Since the 3D effect was not quite there, I placed the color on the right side where the light hits and blended it again in the same way.
To make the edges of the mountains clearer, trace them with a darker shadow color to give them more shape.

Using the same drawing method, draw in the mountains on the left and behind.
Since the color base is already done, put light and dark colors, blend them, and repeat.
The back mountain is farther away, so you can’t see the details, so it’s better to paint less than the front mountain.

The mountain is now complete!

 

3. How to draw in trees and grasses

Now, let’s move on to the bottom half of the plant.
Since I had only placed the colors once in the primer, let’s start shaping them.

The trees at the back of the house and around the house should be jagged to resemble conifers, and the narrow path between the rice fields should be thickened a bit.
(Attention! There are separate layers, so make sure you don’t draw on different layers by mistake!

Place a bright color on the innermost trees.
Place them jaggedly and blend them in the same way as the mountains.

We will also place bright colors on the trees around the house.

The trees were not dark enough, so I added shadows around the left side.
In the rice paddies, I used a thin brush to add lines along the path.
I blended the colors in the center of the path, and put darker colors on the path to make it look like soil.

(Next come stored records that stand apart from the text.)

lemma correction_term_bound:
  assumes "i \<ge> 1"
  shows "\<bar>((fps_X ^ 2 * (1 + fps_const (-2) * fps_X)) ^ i * fps_rsqrt (fps_const (-2) * fps_X)) $ n\<bar> / 2 ^ n
    \<le> (3 * real i + 1) ^ 2 / 2 ^ i / ((real n + 1) * sqrt (real n + 1))"
proof (cases "n < 2 * i")
  case True
  then show ?thesis
    using assms by (simp add: correction_term_nth)
next
  case False
  define m where "m = n - 2 * i"
  define B where "B = 2 * (3 * real i + 1) ^ 2 / ((real n + 1) * sqrt (real n + 1))"
  have B_nonneg: "B \<ge> 0"
    by (simp add: B_def)
  have term_le: "real ((i - 1) choose l) * \<bar>(1/2) gchoose (m - l)\<bar> \<le> real ((i - 1) choose l) * B"
    if "l \<le> m" for l
  proof (cases "l < i")
    case True
    then have "\<bar>(1/2) gchoose (m - l)\<bar> \<le> B"
      using that False gbinomial_half_abs_le_correction[of l i n] by (simp add: m_def B_def)
    then show ?thesis
      by (rule mult_left_mono) simp
  qed (use assms in \<open>simp add: binomial_eq_0\<close>)
  have "\<bar>((fps_X ^ 2 * (1 + fps_const (-2) * fps_X)) ^ i * fps_rsqrt (fps_const (-2) * fps_X)) $ n\<bar>
      \<le> (\<Sum>l=0..m. 2 ^ m * (real ((i - 1) choose l) * \<bar>(1/2) gchoose (m - l)\<bar>))"
    unfolding m_def using abs_correction_term_le[OF assms] False by simp
  also have "\<dots> \<le> (\<Sum>l=0..m. 2 ^ m * (real ((i - 1) choose l) * B))"
    by (intro sum_mono mult_left_mono term_le) auto
  also have "\<dots> = 2 ^ m * B * (\<Sum>l=0..m. real ((i - 1) choose l))"
    by (simp add: sum_distrib_left mult_ac)
  also have "\<dots> \<le> 2 ^ m * B * 2 ^ (i - 1)"
    using B_nonneg by (intro mult_left_mono sum_binomial_prefix_le) auto
  also have "\<dots> = 2 ^ n * (B / 2 ^ Suc i)"
  proof -
    have "n = m + (i - 1) + Suc i"
      using False assms by (simp add: m_def)
    then show ?thesis
      by (simp add: power_add)
  qed
  finally show ?thesis
    by (simp add: B_def pos_divide_le_eq mult.commute)
qed

lemma sum_quadratic_over_powers_of_two:
  "(\<Sum>i<N. (3 * real i + 1) ^ 2 / 2 ^ i) = 68 - (18 * real N ^ 2 + 48 * real N + 68) / 2 ^ N"
proof (induction N)
  case (Suc N)
  define t :: real where "t = 2 ^ N"
  have "t > 0"
    by (simp add: t_def)
  have "18 * real (Suc N) ^ 2 + 48 * real (Suc N) + 68
      = 2 * (18 * real N ^ 2 + 48 * real N + 68) - 2 * (3 * real N + 1) ^ 2"
    by (simp add: power2_eq_square algebra_simps)
  moreover have "68 - a / t + b / t = 68 - (2 * a - 2 * b) / (2 * t)" for a b
    using \<open>t > 0\<close> by (simp add: field_simps)
  ultimately show ?case
    using Suc.IH by (simp add: t_def)
qed simp

lemma abs_gbinomial_minus_half_le_1: "\<bar>(-1/2 :: real) gchoose i\<bar> \<le> 1"
proof -
  have "\<bar>(-1/2 :: real) gchoose i\<bar> = \<bar>central_ratio i\<bar>"
    by (simp add: central_ratio_eq_gbinomial abs_mult power_abs)
  then show ?thesis
    using central_ratio_le_1 central_ratio_pos by (simp add: less_imp_le)
qed

lemma correction_bound:
  "\<bar>(fps_rsqrt (fps_const (-2) * fps_X) * fps_rsqrt (fps_X ^ 2 * (1 + fps_const (-2) * fps_X))) $ n
      - fps_rsqrt (fps_const (-2) * fps_X) $ n\<bar> / 2 ^ n
    \<le> 68 / ((real n + 1) * sqrt (real n + 1))"
proof -
  let ?A = "fps_rsqrt (fps_const (-2) * fps_X) :: real fps"
  let ?U = "fps_X ^ 2 * (1 + fps_const (-2) * fps_X) :: real fps"
  define D where "D = (real n + 1) * sqrt (real n + 1)"
  have "D > 0"
    by (simp add: D_def)
  have "(fps_rsqrt ?U * ?A) $ n = (\<Sum>i=0..n. ((-1/2) gchoose i) * (?U ^ i * ?A) $ n)"
    unfolding fps_rsqrt_def by (subst fps_compose_mult_nth) simp_all
  then have "\<bar>(?A * fps_rsqrt ?U) $ n - ?A $ n\<bar> = \<bar>\<Sum>i=1..n. ((-1/2) gchoose i) * (?U ^ i * ?A) $ n\<bar>"
    by (simp add: sum.atLeast_Suc_atMost mult.commute)
  also have "\<dots> \<le> (\<Sum>i=1..n. \<bar>((-1/2) gchoose i) * (?U ^ i * ?A) $ n\<bar>)"
    by (rule sum_abs)
  also have "\<dots> \<le> (\<Sum>i=1..n. \<bar>(?U ^ i * ?A) $ n\<bar>)"
    using abs_gbinomial_minus_half_le_1 by (intro sum_mono) (simp add: abs_mult mult_left_le_one_le)
  finally have "\<bar>(?A * fps_rsqrt ?U) $ n - ?A $ n\<bar> / 2 ^ n \<le> (\<Sum>i=1..n. \<bar>(?U ^ i * ?A) $ n\<bar> / 2 ^ n)"
    unfolding sum_divide_distrib[symmetric] by (rule divide_right_mono) simp
  also have "\<dots> \<le> (\<Sum>i=1..n. (3 * real i + 1) ^ 2 / 2 ^ i / D)"
    unfolding D_def by (intro sum_mono correction_term_bound) auto
  also have "\<dots> \<le> (\<Sum>i<Suc n. (3 * real i + 1) ^ 2 / 2 ^ i) / D"
    unfolding sum_divide_distrib[symmetric] using \<open>D > 0\<close> by (intro divide_right_mono sum_mono2) auto
  also have "\<dots> \<le> 68 / D"
    unfolding sum_quadratic_over_powers_of_two using \<open>D > 0\<close> by (intro divide_right_mono) auto
  finally show ?thesis
    by (simp add: D_def)
qed

lemma fps_rsqrt_linear_nth_eq_central_ratio: "fps_rsqrt (fps_const (-2) * fps_X) $ n = 2 ^ n * central_ratio n"
  by (simp add: fps_rsqrt_linear_nth central_ratio_eq_gbinomial flip: power_mult_distrib)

Next, let’s add more weeds to the center path.
Use a watercolor brush for weeds to grow them along the path, one by one, starting with the darkest color first.

This is what it looks like when you grow it all over.
The further back you go, the smaller it gets and the lighter the color becomes.
The more vigorously you draw it, the more it looks like grass. to express the grassiness.

Paint a brighter yellow-green over the top in the same way.
It looks better if you draw it in such a way that it hides the edge of the darker grass you just drew.

A little bit of grass grows on the ground in the center of the path.

 

4. How to draw a house

This time I’ve hidden the house with trees so that we don’t have to think too hard about the shape of the house.
Only the roof is visible, so let’s start shaping it.

The triangular pillars of the roof are represented while painting flat.

Then add a brighter color to the border to give it a three-dimensional effect, lighten the right side of the roof, and add lines to give it a roof-like appearance.

Here’s what the whole thing will look like when the house is finished!

As a final touch, the trees under the mountain and around the house

And it’s done!
Good job so far!
I hope you have a better understanding of some of the sceneries that you may have been reluctant to take on, if you look at the explanations one by one.

I hope you’ll give it a try!

 

5. Difference: Autumn scenery

Finally, I’ll show you how to draw autumn as a difference.
What’s clearly different from summer is the overall color, clouds, rice paddies, and grass.

Let’s get right to it!

This time, I’m going to create a summer image and then edit it to make it autumn, but of course you can use the same method as for summer, using orange for the mountains and trees from the start.

First, delete the sky layer and use the sky watercolor brush to create a sky that gradually gets darker from top to bottom as it spreads out to the left and right.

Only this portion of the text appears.